Rafael Brazão, chefe de gente e gestão do C6 Bank, diz que a atividade ajudou na revisão das cartilhas de diversidade da empresa.

"Também tivemos um podcast de carreira no ano passado, e o grupo auxiliou na abordagem do tema", diz. Nas reuniões, os funcionários ainda sugerem palestrantes para ajudar na conscientização do resto da equipe.

"Quando fui fazer entrevista para o C6 Bank, deixei claro que eu era casada com uma mulher. Sofri em uma empresa anterior. Precisava inventar sobre com quem estava no fim de semana. Tinha vez que chegava em casa chorando", lembra Daniela Vieira, 41, chefe de qualidade do banco e integrante do grupo de afinidade de funcionários LGBT+.

Daniela defende a criação de processos seletivos voltados para esse público. Hoje não há iniciativas de filtragem desses profissionais em recrutamentos do C6 Bank.

Para Ricardo Sales, CEO do Instituto Mais Diversidade, as ações afirmativas são o caminho mais efetivo para avançar nessa agenda.

Jairo Barbosa, 36, gerente de relacionamento com o cliente e padrinho do grupo LGBTQIA+ da Localiza 
Jairo Barbosa, 36, gerente de relacionamento com o cliente e padrinho do grupo LGBTQIA+ da Localiza  - Douglas Magno/Folhapress

"É fundamental pensar nas especificidades de pessoas trans. Sua inclusão nas organizações é muito pontual e restrita.
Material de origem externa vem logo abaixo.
lemma branched_cover: "branched_cover (Ytop \<Omega>) Xtop proj"
  unfolding branched_cover_def
proof (intro conjI)
  show "compact_space (Xtop :: ('a \<times> 'a) topology)"
    by (simp add: Xtop_eq_euclidean compact_space_square)
  show "Hausdorff_space (Xtop :: ('a \<times> 'a) topology)"
    by (simp add: Xtop_eq_euclidean Hausdorff_space_euclidean_t2)
  show "proj ` topspace (Ytop \<Omega>) = topspace Xtop"
    by (force simp: topspace_Ytop Xtop_eq_euclidean image_iff)
  show "\<exists>N. \<forall>x\<in>topspace Xtop. finite {y \<in> topspace (Ytop \<Omega>). proj y = x} \<and> card {y \<in> topspace (Ytop \<Omega>). proj y = x} \<le> N"
    using fiber_eq by (intro exI[of _ 3]) (simp add: fiber_def[symmetric] card_insert_le_m1)
qed (simp_all add: compact_space_Ytop Hausdorff_space_Ytop continuous_map_proj open_map_proj)

section \<open>Weak-* continuous families of fiber measures\<close>

context
  fixes \<mu> :: "'a \<times> 'a \<Rightarrow> (('a \<times> 'a) \<times> sheet) set \<Rightarrow> real"
  assumes weak_star: "weak_star_continuous (Ytop \<Omega>) Xtop proj \<mu>"
begin

lemma isCont_sheet_mass:
  assumes "open V" "closed V" "\<forall>x\<in>V. \<forall>s'. cls (x, s') = cls (x, s) \<longrightarrow> s' = s" and "x \<in> V"
  shows "isCont (\<lambda>x. \<mu> x (cls (x, s))) x"
proof -
  let ?C = "cls ` (V \<times> {s})"
  let ?F = "\<lambda>x. \<Sum>y\<in>fiber (Ytop \<Omega>) proj x. \<mu> x y * (if y \<in> ?C then 1 else 0)"
  have "continuous_on UNIV ?F"
    using weak_star continuous_map_indicator_clopen[OF clopen_sheet_piece(1,2)[OF assms(1-3)]]
    unfolding weak_star_continuous_def Xtop_eq_euclidean by simp
  moreover have "?F x' = \<mu> x' (cls (x', s))" if "x' \<in> V" for x'
  proof -
    have mem: "cls (x', s') \<in> ?C \<longleftrightarrow> s' = s" for s'
      using clopen_sheet_piece(3)[OF assms(1-3) that] .
    have "fiber (Ytop \<Omega>) proj x' \<inter> ?C = {cls (x', s)}"
    proof (rule set_eqI)
      fix y
      have "y \<in> fiber (Ytop \<Omega>) proj x' \<inter> ?C \<longleftrightarrow> (\<exists>s'. y = cls (x', s') \<and> cls (x', s') \<in> ?C)"
        unfolding Int_iff mem_fiber_iff by blast
      then show "y \<in> fiber (Ytop \<Omega>) proj x' \<inter> ?C \<longleftrightarrow> y \<in> {cls (x', s)}"
        unfolding mem by simp
    qed
    then show ?thesis
      using sum.inter_restrict[of "fiber (Ytop \<Omega>) proj x'" "\<mu> x'" ?C]
      by (simp add: fiber_eq if_distrib cong: if_cong)
  qed
  ultimately have "continuous_on V (\<lambda>x. \<mu> x (cls (x, s)))"
    using continuous_on_subset continuous_on_cong by (metis (no_types, lifting) subset_UNIV)
  then show ?thesis
    using assms(1,4) continuous_on_eq_continuous_at by blast
qed

abbreviation up_mass :: "'a \<times> 'a \<Rightarrow> real"
  where "up_mass x \<equiv> \<mu> x (cls (x, Up))"

abbreviation down_mass :: "'a \<times> 'a \<Rightarrow> real"
  where "down_mass x \<equiv> \<mu> x (cls (x, Down))"

lemma isCont_up_mass: "fst x < \<Omega> \<Longrightarrow> isCont up_mass x"
  by (rule isCont_sheet_mass[OF up_region]) (auto simp: mem_Times_iff)

lemma isCont_down_mass: "snd x < \<Omega> \<Longrightarrow> isCont down_mass x"
  by (rule isCont_sheet_mass[OF down_region]) (auto simp: mem_Times_iff)
lemma intersecting_pair_extends_to_family:
  assumes "(s + 2) * k \<le> n + 1" "0 < k"
    and AB: "A \<subseteq> {..<n}" "card A = k" "B \<subseteq> {..<n}" "card B = k"
    and "A \<noteq> B" "\<not> disjnt A B"
  obtains G where "A \<in> G" "B \<in> G" "card G = s + 2" "\<forall>C\<in>G. C \<subseteq> {..<n} \<and> card C = k"
    "\<forall>U\<in>G. \<forall>W\<in>G. U \<noteq> W \<and> {U, W} \<noteq> {A, B} \<longrightarrow> disjnt U W"
proof -
  have "finite A" "finite B"
    using AB finite_subset by blast+
  then have "card (A \<union> B) < 2 * k"
    using card_Un_less_if_not_disjnt[of A B] \<open>\<not> disjnt A B\<close> AB by simp
  define R where "R = {..<n} - (A \<union> B)"
  have "card R = n - card (A \<union> B)"
    using AB by (simp add: R_def card_Diff_subset \<open>finite A\<close> \<open>finite B\<close>)
  then have "s * k \<le> card R"
    using \<open>card (A \<union> B) < 2 * k\<close> assms(1) by simp
  then obtain F where F: "card F = s" "\<forall>C\<in>F. C \<subseteq> R \<and> card C = k" "pairwise disjnt F"
    using exists_disjoint_family[of R s k] assms(2) by (auto simp: R_def)
  have F_disjnt_AB: "disjnt C (A \<union> B)" if "C \<in> F" for C
    using F(2) that by (auto simp: R_def disjnt_iff)
  have "A \<noteq> {}" "B \<noteq> {}"
    using AB assms(2) by auto
  then have AB_notin_F: "A \<notin> F" "B \<notin> F"
    using F_disjnt_AB by (auto simp: disjnt_iff)
  have "finite F"
    using F(2) by (intro finite_subset[of F "Pow R"]) (auto simp: R_def)
  define G where "G = insert A (insert B F)"
  have card_G: "card G = s + 2"
    using AB_notin_F \<open>finite F\<close> \<open>A \<noteq> B\<close> F(1) by (simp add: G_def)
  have G_family: "\<forall>C\<in>G. C \<subseteq> {..<n} \<and> card C = k"
    using AB F(2) by (auto simp: G_def R_def)
  have disjnt_G: "\<forall>U\<in>G. \<forall>W\<in>G. U \<noteq> W \<and> {U, W} \<noteq> {A, B} \<longrightarrow> disjnt U W"
  proof (intro ballI impI)
    fix U W assume U: "U \<in> G" and W: "W \<in> G" and UW: "U \<noteq> W \<and> {U, W} \<noteq> {A, B}"
    have "U \<in> F \<or> W \<in> F"
    proof (rule ccontr)
      assume "\<not> (U \<in> F \<or> W \<in> F)"
      then have "U \<in> {A, B}" "W \<in> {A, B}"
        using U W by (auto simp: G_def)
      then have "{U, W} = {A, B}"
        using UW by auto
      with UW show False
        by simp
    qed
    then show "disjnt U W"
      using U W UW F(3) F_disjnt_AB by (auto simp: G_def pairwise_def disjnt_iff)
  qed
  have "A \<in> G" "B \<in> G"
    by (simp_all add: G_def)
  then show thesis
    by (rule that[OF _ _ card_G G_family disjnt_G])
qed

lemma kneser_add_edge_has_clique:
  assumes "(s + 2) * k \<le> n + 1" "0 < k"
    and x: "x \<in> kneser_vertices n k" and y: "y \<in> kneser_vertices n k"
    and "x \<noteq> y" "\<not> kneser_adj n k x y"
  shows "has_clique (kneser_vertices n k) (add_edge (kneser_adj n k) x y) (s + 2)"
proof -
  define A where "A = set_decode x"
  define B where "B = set_decode y"
  have AB: "A \<subseteq> {..<n}" "card A = k" "B \<subseteq> {..<n}" "card B = k"
    using x y by (simp_all add: A_def B_def mem_kneser_vertices)
  have "A \<noteq> B"
    using \<open>x \<noteq> y\<close> unfolding A_def B_def by (metis set_decode_inverse)
  have "\<not> disjnt A B"
    using assms(6) x y by (simp add: A_def B_def kneser_adj_def)
  obtain G where G: "A \<in> G" "B \<in> G" "card G = s + 2" "\<forall>C\<in>G. C \<subseteq> {..<n} \<and> card C = k"
    and disjnt_G: "\<forall>U\<in>G. \<forall>W\<in>G. U \<noteq> W \<and> {U, W} \<noteq> {A, B} \<longrightarrow> disjnt U W"
    by (rule intersecting_pair_extends_to_family[OF assms(1,2) AB \<open>A \<noteq> B\<close> \<open>\<not> disjnt A B\<close>])
  show ?thesis
  proof (rule has_clique_kneser_of_family[OF G(4,3)])
    fix U W assume U: "U \<in> G" and W: "W \<in> G" and "U \<noteq> W"
    show "add_edge (kneser_adj n k) x y (set_encode U) (set_encode W)"
    proof (cases "{U, W} = {A, B}")
      case True
      then show ?thesis
        by (auto simp: add_edge_def A_def B_def doubleton_eq_iff)
    next
      case False
      then have "disjnt U W"
        using disjnt_G U W \<open>U \<noteq> W\<close> by simp
      then have "kneser_adj n k (set_encode U) (set_encode W)"
        using U W G(4) by (simp add: kneser_adj_set_encode)
      then show ?thesis
        by (simp add: add_edge_def)
    qed
  qed
qed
Processos seletivos exclusivos para elas devem ser encorajados", afirma.

A Lexmark, fornecedora americana de produtos de impressão, com escritório no Brasil, planeja fazer um recrutamento só para pessoas LGBT+ até o início de 2023.
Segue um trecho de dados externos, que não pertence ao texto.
text \<open>The witness W m (m+3) is above T m and incomparable with T (m+1) and T (m+2).\<close>
lemma chain_letter_eq_propagates_up:
  assumes m: "1 \<le> m" "m + 2 \<le> k - 2" and eq: "chain_letter m = chain_letter (m + 1)"
  shows "chain_letter (m + 1) = chain_letter (m + 2)"
proof (rule ccontr)
  assume ne: "chain_letter (m + 1) \<noteq> chain_letter (m + 2)"
  let ?w = "W m (m + 3)"
  have w: "?w \<in> tw_dom k" "on_trunk ?w"
    using m by (auto intro!: W_in_tw_dom on_trunk_if_separates_chain[of _ m "m + 1"])
  have less: "letter_less (chain_letter (m + 1)) (chain_letter (m + 2))"
    using chain_letter_mono[of "m + 1" "m + 2"] ne m by auto
  show False
  proof (cases "letter ?w = chain_letter m")
    case True
    then show False using tw_less_chain_iff(1)[OF w, of "m + 2"] m eq ne less by simp
  next
    case False
    then show False
      using tw_less_chain_iff(2)[OF w, of m] tw_less_chain_iff(2)[OF w, of "m + 1"] m eq by simp
  qed
qed

text \<open>Symmetrically, W (m-1) (m+2) is below T (m+2) and incomparable with T m and T (m+1).\<close>
lemma chain_letter_eq_propagates_down:
  assumes m: "1 \<le> m" "m + 2 \<le> k - 2" and eq: "chain_letter (m + 1) = chain_letter (m + 2)"
  shows "chain_letter m = chain_letter (m + 1)"
proof (rule ccontr)
  assume ne: "chain_letter m \<noteq> chain_letter (m + 1)"
  let ?w = "W (m - 1) (m + 2)"
  have w: "?w \<in> tw_dom k" "on_trunk ?w"
    using m by (auto intro!: W_in_tw_dom on_trunk_if_separates_chain[of _ "m + 2" m])
  have less: "letter_less (chain_letter m) (chain_letter (m + 1))"
    using chain_letter_mono[of m "m + 1"] ne m by auto
  show False
  proof (cases "letter ?w = chain_letter (m + 2)")
    case True
    then show False using tw_less_chain_iff(2)[OF w, of m] m eq ne less by simp
  next
    case False
    then show False
      using tw_less_chain_iff(1)[OF w, of "m + 2"] tw_less_chain_iff(1)[OF w, of "m + 1"] m eq
      by simp
  qed
qed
A empresa enxerga o certificado da HRC como uma forma de agregar valor à marca. "Cada vez mais, o mercado busca companhias preocupadas com causas sociais", diz Nathalia Costa, 33, gerente de marketing de produtos.
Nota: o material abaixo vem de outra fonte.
lemma tight_imp_DFE_sol:
  assumes sub: "DFE_subsol E og tm H a u"
    and tight: "\<forall>x\<in>V. \<exists>e\<in>E. tm e = x \<and> u (og e) + sigma H a e \<le> u x"
  shows "DFE_sol V E og tm rv H a u"
  unfolding DFE_sol_def
proof
  let ?F = "\<lambda>e. u (tm e) + sigma H a (rv e)" and ?T = "\<lambda>x. {e\<in>E. og e = x}"
  fix x assume x: "x \<in> V"
  have le: "u x \<le> ?F e" if "e \<in> ?T x" for e
    using sub that rv_in_E og_rv tm_rv unfolding DFE_subsol_def by fastforce
  obtain f where f: "f \<in> E" "tm f = x" "u (og f) + sigma H a f \<le> u x" using tight x by blast
  have rv_f: "rv f \<in> ?T x" using f rv_in_E og_rv by auto
  moreover have "?F (rv f) = u x" using le[OF rv_f] f tm_rv rv_rv by simp
  ultimately show "u x = Min (?F ` ?T x)"
    using finite_E le by (intro Min_eqI[symmetric]) (auto intro: rev_image_eqI)
qed

lemma DFE_sol_iff:
  "DFE_sol V E og tm rv H a u \<longleftrightarrow> DFE_subsol E og tm H a u \<and>
     (\<forall>x\<in>V. \<exists>e\<in>E. tm e = x \<and> u (og e) + sigma H a e \<le> u x)"
  using DFE_sol_imp_tight tight_imp_DFE_sol by blast

lemma DFE_sol_Min:
  assumes "finite I" and "I \<noteq> {}" and sol: "\<And>i. i \<in> I \<Longrightarrow> DFE_sol V E og tm rv H a (f i)"
  shows "DFE_sol V E og tm rv H a (\<lambda>x. Min ((\<lambda>i. f i x) ` I))"
proof -
  let ?v = "\<lambda>x. Min ((\<lambda>i. f i x) ` I)"
  have v_le: "i \<in> I \<Longrightarrow> ?v x \<le> f i x" for i x using assms(1) by simp
  have v_attained: "\<exists>i\<in>I. ?v x = f i x" for x
  proof -
    have "?v x \<in> (\<lambda>i. f i x) ` I" using assms(1,2) by (intro Min_in) auto
    then show ?thesis by auto
  qed
  have "DFE_subsol E og tm H a ?v"
    unfolding DFE_subsol_def
  proof
    fix e assume e: "e \<in> E"
    obtain i where i: "i \<in> I" "?v (og e) = f i (og e)" using v_attained by blast
    have "f i (tm e) - f i (og e) \<le> sigma H a e"
      using sol[OF i(1)] e unfolding DFE_sol_iff DFE_subsol_def by blast
    then show "?v (tm e) - ?v (og e) \<le> sigma H a e" using v_le[OF i(1), of "tm e"] i(2) by linarith
  qed
  moreover have "\<exists>e\<in>E. tm e = x \<and> ?v (og e) + sigma H a e \<le> ?v x" if x: "x \<in> V" for x
  proof -
    obtain i where i: "i \<in> I" "?v x = f i x" using v_attained by blast
    then obtain e where e: "e \<in> E" "tm e = x" "f i (og e) + sigma H a e \<le> f i x"
      using sol[OF i(1)] x unfolding DFE_sol_iff by blast
    then have "?v (og e) + sigma H a e \<le> ?v x" using v_le[OF i(1), of "og e"] i(2) by linarith
    then show ?thesis using e(1,2) by blast
  qed
  ultimately show ?thesis unfolding DFE_sol_iff by blast
qed

lemma DFE_sol_add_const:
  "DFE_sol V E og tm rv H a u \<Longrightarrow> DFE_sol V E og tm rv H a (\<lambda>x. k + u x)"
  unfolding DFE_sol_iff DFE_subsol_def by auto

lemma tight_walk:
  assumes tight: "\<forall>x\<in>V. \<exists>e\<in>E. tm e = x \<and> u (og e) + sigma H a e \<le> u x" and "x \<in> V"
  obtains X w where "X 0 = x"
    and "\<And>k. w k \<in> E \<and> tm (w k) = X k \<and> og (w k) = X (Suc k)"
    and "\<And>k. u (X (Suc k)) + sigma H a (w k) \<le> u (X k)"
proof -
  obtain nxt where nxt: "\<And>z. z \<in> V \<Longrightarrow> nxt z \<in> E \<and> tm (nxt z) = z \<and>
      u (og (nxt z)) + sigma H a (nxt z) \<le> u z"
    using bchoice[of V "\<lambda>z e. e \<in> E \<and> tm e = z \<and> u (og e) + sigma H a e \<le> u z"] tight
    by blast
  define X where "X k = ((og \<circ> nxt) ^^ k) x" for k
  have X_in_V: "X k \<in> V" for k
    by (induction k) (use \<open>x \<in> V\<close> nxt og_in_V in \<open>auto simp: X_def\<close>)
  show ?thesis
    using nxt[OF X_in_V] by (intro that[of X "\<lambda>k. nxt (X k)"]) (auto simp: X_def)
qed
Na opinião dela, o certificado atrai talentos para a empresa e melhora a posição da Lexmark no mercado.

A LGBT Capital, consultoria financeira britânica especializada na causa, calcula que essa população movimente U$ 3,9 trilhões (R$ 21,39 trilhões) por ano. A pesquisa traz dados de 2019 e considera que a sigla agrega 371 milhões de pessoas em todo o mundo.

O levantamento da HRC apontou que só 25% das companhias ouvidas têm políticas para funcionários que estão em transição de gênero —entre as certificadas, 32%.

A Localiza é uma delas. "Conseguimos fazer toda a jornada, desde quando a pessoa entra no processo seletivo até quando ela está na empresa. Isso significa que ela consegue alterar nome, crachá, email, identidade e ter apoio psicológico e jurídico caso necessário", explica Jairo Barbosa, 36, gerente de relacionamento com o cliente e padrinho do grupo de afinidade LGBT+ da empresa.

O grupo exigiu a revisão de benefícios. Como resultado, a companhia prorrogou a licença-maternidade por mais 60 dias e a licença-paternidade por mais 15 para todos os funcionários, inclusive os casais homoafetivos.

Parte da comunidade LGBT+, Barbosa avalia que as políticas da empresa sobre o tema evoluem desde 2020, quando o grupo de afinidade foi criado. "Faço questão de apresentar o programa a novos colaboradores", diz.

Em julho, o grupo organizou uma feira de artesanato e comida com pessoas ligadas à causa em Belo Horizonte.

Para a americana Rashawn Hawkins, diretora do programa de igualdade no local de trabalho da HRC, ações como essa ainda faltam no Brasil. Segundo ela, é necessário incentivar a inclusão para além do escritório e atrair a comunidade local.

"Temos que tomar cuidado com o que chamamos de ‘rainbow washing’. São empresas que mudam o logotipo para as cores do arco-íris no mês do orgulho e vendem produtos da causa, mas não fazem nenhum trabalho pela verdadeira inclusão. A receita dessas empresas deveria impactar a comunidade local", diz.